Cape Dutch architecture was prominent in the early days (17th century) of the Cape Colony, and the name derives from the fact that the initial settlers of the Cape were primarily Dutch. The style has roots in medieval Holland, Germany, France, and Indonesia. Houses in this style have a distinctive, recognisable design, with a prominent feature being the grand, ornately rounded gables, reminiscent of those in Amsterdam townhouses built in the Dutch style.

The rural landscape of South Africa is populated with traditional and European-influenced African architecture.

== Cinema ==

While many foreign films have been produced about South Africa (usually focusing on race relations), few local productions are known outside South Africa. One exception was the 1980 film The Gods Must Be Crazy, set in the Kalahari. This is about how life in a traditional community of San (Bushmen) changes when a Coke bottle, dropped from a plane, suddenly lands from the sky. The late Jamie Uys, who wrote and directed The Gods Must Be Crazy, also had success overseas in the 1970s with his films Funny People and Funny People II, which were similar to the US TV series Candid Camera. Leon Schuster's You Must Be Joking! films belong to the same genre and are highly popular among South Africans. Schuster's most successful film internationally is Mr Bones, which was also the best performing film locally at the time of its release, grossing 35m USD. This was surpassed by the sequel, Mr Bones 2: Back from the Past.

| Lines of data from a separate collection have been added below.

lemma norm_sub_perturbation_bounds:
  fixes a b D :: complex
  assumes "cmod D \<le> L * cmod (a - b)" "0 \<le> dt" "L * dt \<le> 1/4"
  shows "(3/4)^2 * (cmod (a - b))^2 \<le> (cmod ((a - b) - \<i> * of_real dt * D))^2"
    and "(cmod ((a - b) - \<i> * of_real dt * D))^2 \<le> (5/4)^2 * (cmod (a - b))^2"
proof -
  have "dt * cmod D \<le> dt * (L * cmod (a - b))"
    using assms by (intro mult_left_mono) auto
  also have "\<dots> = (L * dt) * cmod (a - b)" by simp
  also have "\<dots> \<le> 1/4 * cmod (a - b)"
    using assms(3) by (intro mult_right_mono) auto
  finally have small: "cmod (\<i> * of_real dt * D) \<le> 1/4 * cmod (a - b)"
    using assms(2) by (simp add: norm_mult)
  have "3/4 * cmod (a - b) \<le> cmod ((a - b) - \<i> * of_real dt * D)"
    using norm_triangle_ineq2[of "a - b" "\<i> * of_real dt * D"] small by linarith
  then show "(3/4)^2 * (cmod (a - b))^2 \<le> (cmod ((a - b) - \<i> * of_real dt * D))^2"
    by (simp add: power_mult_distrib[symmetric] power_mono)
  have "cmod ((a - b) - \<i> * of_real dt * D) \<le> 5/4 * cmod (a - b)"
    using norm_triangle_ineq4[of "a - b" "\<i> * of_real dt * D"] small by linarith
  then show "(cmod ((a - b) - \<i> * of_real dt * D))^2 \<le> (5/4)^2 * (cmod (a - b))^2"
    by (simp add: power_mult_distrib[symmetric] power_mono)
qed

section \<open>The Gaussian increment\<close>

lemma sets_gauss [measurable_cong]: "sets (gauss dt) = sets borel"
  by (simp add: gauss_def)

lemma space_gauss [simp]: "space (gauss dt) = UNIV"
  by (simp add: gauss_def)

lemma prob_space_gauss: "0 < dt \<Longrightarrow> prob_space (gauss dt)"
  unfolding gauss_def by (rule prob_space_normal_density) simp

lemma measurable_pair_gauss:
  "f \<in> borel_measurable (borel \<Otimes>\<^sub>M borel) \<Longrightarrow> f \<in> borel_measurable (borel \<Otimes>\<^sub>M gauss dt)"
  using measurable_cong_sets[OF sets_pair_measure_cong[OF refl sets_gauss[of dt, symmetric]] refl]
  by simp

lemma nn_integral_gauss:
  assumes "g \<in> borel_measurable borel"
  shows "(\<integral>\<^sup>+w. g w \<partial>gauss dt) = (\<integral>\<^sup>+w. ennreal (normal_density 0 (sqrt dt) w) * g w \<partial>lborel)"
  unfolding gauss_def using assms by (subst nn_integral_density) auto

lemma integrable_gauss_iff:
  fixes g :: "real \<Rightarrow> real"
  assumes [measurable]: "g \<in> borel_measurable borel"
  shows "integrable (gauss dt) g = integrable lborel (\<lambda>w. normal_density 0 (sqrt dt) w * g w)"
  unfolding gauss_def by (subst integrable_density) auto

lemma integral_gauss:
  fixes g :: "real \<Rightarrow> real"
  assumes [measurable]: "g \<in> borel_measurable borel"
  shows "integral\<^sup>L (gauss dt) g = (\<integral>w. normal_density 0 (sqrt dt) w * g w \<partial>lborel)"
  unfolding gauss_def by (subst integral_density) auto

lemma gauss_moments:
  assumes "0 < dt"
  shows "integrable (gauss dt) (\<lambda>w. w)" "integral\<^sup>L (gauss dt) (\<lambda>w. w) = 0"
    "integrable (gauss dt) (\<lambda>w. w^2)" "integral\<^sup>L (gauss dt) (\<lambda>w. w^2) = dt"
proof -
  have s: "0 < sqrt dt" using assms by simp
  show "integrable (gauss dt) (\<lambda>w. w)"
    using integrable_normal_moment[OF s, of 0 1] by (subst integrable_gauss_iff) auto
  show "integral\<^sup>L (gauss dt) (\<lambda>w. w) = 0"
    using integral_normal_moment_odd[OF s, of 0 0] by (subst integral_gauss) auto
  show "integrable (gauss dt) (\<lambda>w. w^2)"
    using integrable_normal_moment[OF s, of 0 2] by (subst integrable_gauss_iff) auto
  show "integral\<^sup>L (gauss dt) (\<lambda>w. w^2) = dt"
    using integral_normal_moment_even[OF s, of 0 1] assms by (subst integral_gauss) auto
qed

lemma nn_integral_gauss_square: "0 < dt \<Longrightarrow> (\<integral>\<^sup>+w. ennreal (w^2) \<partial>gauss dt) = ennreal dt"
  using nn_integral_eq_integral[OF gauss_moments(3)] gauss_moments(4) by simp

lemma square_le_exp_plus_exp_uminus: "(w::real)^2 \<le> 2 * exp w + 2 * exp (- w)"
proof -
  have "1 + \<bar>w\<bar> + \<bar>w\<bar>^2 / 2 \<le> exp \<bar>w\<bar>" by (rule exp_lower_Taylor_quadratic) simp
  moreover have "1 - \<bar>w\<bar> \<le> exp (- \<bar>w\<bar>)" using exp_ge_add_one_self[of "- \<bar>w\<bar>"] by simp
  ultimately have "w^2 \<le> 2 * exp \<bar>w\<bar> + 2 * exp (- \<bar>w\<bar>)" by simp
  then show ?thesis by (cases "0 \<le> w") (simp_all add: add.commute)
qed
(* Let $A$ be a CFG-ring and let $n,m\ge 1$. (1) A subset $U\subseteq A^{n}$ is an algebraic variety if and only if $U$, equipped with the restriction of the metric $d$ of $A^n$, is a CFG-space over $B(A)$. (2) If $U\subseteq A^{n}$ and $V\subseteq A^{m}$ are algebraic varieties, a map $f:U\to V$ is a polynomial map if and only if it is contractive, i.e. $d(f(x),f(y))\le d(x,y)$ for all $x,y\in U$.
   Context: All rings are commutative with identity. A regular ring is a commutative von Neumann regular ring: every principal ideal is generated by an idempotent. For a regular ring $A$, $B(A)$ denotes the set of idempotents of $A$, which is a Boolean ring with the product of $A$ and the sum $a\tilde{+}b=(a-b)^2$; in it $a\vee b=a+b-ab$, $a\le b\iff ab=a$, $\bar a=1-a$. For $a\in A$, $e(a)$ denotes the unique idempotent with $aA=e(a)A$. For pairwise disjoint idempotents $a_1,\dots,a_k$ (i.e. $a_ia_j=0$ for $i\ne j$), $a_1\oplus\cdots\oplus a_k$ denotes their sum (which equals their join). $A^n$ carries the map $d:A^n\times A^n\to B(A)$, $d((x_1,\dots,x_n),(y_1,\dots,y_n))=e(x_1-y_1)\vee\cdots\vee e(x_n-y_n)$, which is a Boolean metric over $B(A)$. A Boolean metric space over a Boolean ring $B$ is a set $X$ with $d:X\times X\to B$ such that $d(x,y)=0\iff x=y$, $d(x,y)=d(y,x)$, and $d(x,z)\le d(x,y)\vee d(y,z)$. Given $x_1,\dots,x_k\in X$ and $a_1,\dots,a_k\in B$ with $a_1\oplus\cdots\oplus a_k=1$, an element $x\in X$ is a convex combination of the $x_i$ with coefficients $a_i$ if $a_i d(x,x_i)=0$ for all $i$ (such $x$ is unique if it exists). $X$ is convex if every such convex combination exists in $X$. A CFG-space is a metric space $X$ over $B$ which is convex and for which there is a finite subset $F\subseteq X$ such that every element of $X$ is a convex combination of elements of $F$. A CFG-ring is a regular ring $A$ such that $A$ with the metric $d(x,y)=e(x-y)$ is a CFG-space over $B(A)$ (e.g. every $p$-ring). An algebraic variety in $A^n$ is the set of common zeros of finitely many polynomials in $A[X_1,\dots,X_n]$. A map $f:U\to V$ between algebraic varieties $U\subseteq A^n$, $V\subseteq A^m$ is a polynomial map if there are $f_1,\dots,f_m\in A[X_1,\dots,X_n]$ with $f(x)=(f_1(x),\dots,f_m(x))$ for all $x\in U$. *)

theory Defs
  imports "HOL-Analysis.Analysis"
begin

text \<open>The ring A is the whole carrier of a type 'a of class comm_ring_1.\<close>

definition idems :: "'a::comm_ring_1 set" where
  "idems = {e. e * e = e}"

definition regular_ring :: "'a::comm_ring_1 itself \<Rightarrow> bool" where
  "regular_ring _ \<longleftrightarrow>
     (\<forall>a::'a. \<exists>e. e * e = e \<and> (\<forall>y. (\<exists>r. y = a * r) \<longleftrightarrow> (\<exists>r. y = e * r)))"

definition eid :: "'a::comm_ring_1 \<Rightarrow> 'a" where
  "eid a = (THE e. e * e = e \<and> (\<forall>y. (\<exists>r. y = a * r) \<longleftrightarrow> (\<exists>r. y = e * r)))"

definition bjoin :: "'a::comm_ring_1 \<Rightarrow> 'a \<Rightarrow> 'a" where
  "bjoin a b = a + b - a * b"

definition bleq :: "'a::comm_ring_1 \<Rightarrow> 'a \<Rightarrow> bool" where
  "bleq a b \<longleftrightarrow> a * b = a"

definition bmetric_space :: "'x set \<Rightarrow> ('x \<Rightarrow> 'x \<Rightarrow> 'a::comm_ring_1) \<Rightarrow> bool" where
  "bmetric_space X d \<longleftrightarrow>
     (\<forall>x\<in>X. \<forall>y\<in>X. d x y \<in> idems) \<and>
     (\<forall>x\<in>X. \<forall>y\<in>X. d x y = 0 \<longleftrightarrow> x = y) \<and>
     (\<forall>x\<in>X. \<forall>y\<in>X. d x y = d y x) \<and>
     (\<forall>x\<in>X. \<forall>y\<in>X. \<forall>z\<in>X. bleq (d x z) (bjoin (d x y) (d y z)))"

The most high-profile film portraying South Africa in recent years was District 9. Directed by Neill Blomkamp, a native South African, and produced by Peter Jackson, the action/science-fiction film depicts a sub-class of alien refugees forced to live in the slums of Johannesburg in what many saw as a creative allegory for apartheid. The film was a critical and commercial success worldwide, and was nominated for Best Picture at the 82nd Academy Awards. Another notable film that was produced in South Africa is Chappie.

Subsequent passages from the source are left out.